# DATASET EXCERPTS
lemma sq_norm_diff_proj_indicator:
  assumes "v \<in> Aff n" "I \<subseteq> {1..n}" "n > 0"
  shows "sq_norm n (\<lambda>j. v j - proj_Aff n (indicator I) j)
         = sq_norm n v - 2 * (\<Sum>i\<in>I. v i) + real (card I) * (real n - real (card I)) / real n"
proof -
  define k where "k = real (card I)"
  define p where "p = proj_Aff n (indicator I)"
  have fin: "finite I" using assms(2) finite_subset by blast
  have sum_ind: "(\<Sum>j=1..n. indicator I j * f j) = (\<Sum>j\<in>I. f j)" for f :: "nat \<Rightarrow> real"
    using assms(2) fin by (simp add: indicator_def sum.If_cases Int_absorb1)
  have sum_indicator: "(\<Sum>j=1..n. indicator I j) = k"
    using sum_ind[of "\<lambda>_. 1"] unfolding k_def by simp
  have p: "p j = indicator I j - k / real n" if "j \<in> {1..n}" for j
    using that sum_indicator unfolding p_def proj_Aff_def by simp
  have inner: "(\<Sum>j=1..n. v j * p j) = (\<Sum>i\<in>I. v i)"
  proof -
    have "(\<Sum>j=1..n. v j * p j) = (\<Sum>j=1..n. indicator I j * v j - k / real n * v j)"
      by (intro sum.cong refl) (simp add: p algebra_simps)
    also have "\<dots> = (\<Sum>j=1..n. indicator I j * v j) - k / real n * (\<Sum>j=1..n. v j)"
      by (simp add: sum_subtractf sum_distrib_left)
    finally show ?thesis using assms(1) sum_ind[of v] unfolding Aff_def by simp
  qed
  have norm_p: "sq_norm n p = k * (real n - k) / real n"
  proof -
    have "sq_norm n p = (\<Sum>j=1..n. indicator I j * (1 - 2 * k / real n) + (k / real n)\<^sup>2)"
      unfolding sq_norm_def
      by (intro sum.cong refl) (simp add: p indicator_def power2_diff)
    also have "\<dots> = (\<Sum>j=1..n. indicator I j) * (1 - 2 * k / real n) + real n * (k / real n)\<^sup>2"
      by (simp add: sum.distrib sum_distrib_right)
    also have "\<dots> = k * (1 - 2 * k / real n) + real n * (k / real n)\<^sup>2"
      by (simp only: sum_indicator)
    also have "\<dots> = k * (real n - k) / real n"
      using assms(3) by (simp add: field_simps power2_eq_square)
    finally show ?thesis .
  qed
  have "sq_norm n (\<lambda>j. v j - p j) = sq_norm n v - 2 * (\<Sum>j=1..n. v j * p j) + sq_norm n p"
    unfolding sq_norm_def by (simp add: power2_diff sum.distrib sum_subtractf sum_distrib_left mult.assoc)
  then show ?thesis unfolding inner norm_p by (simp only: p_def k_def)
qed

# THE PROBLEM
Reproduce each line of the records in which the word "where" appears.

# WRITTEN RESPONSE
  define k where "k = real (card I)"
  define p where "p = proj_Aff n (indicator I)"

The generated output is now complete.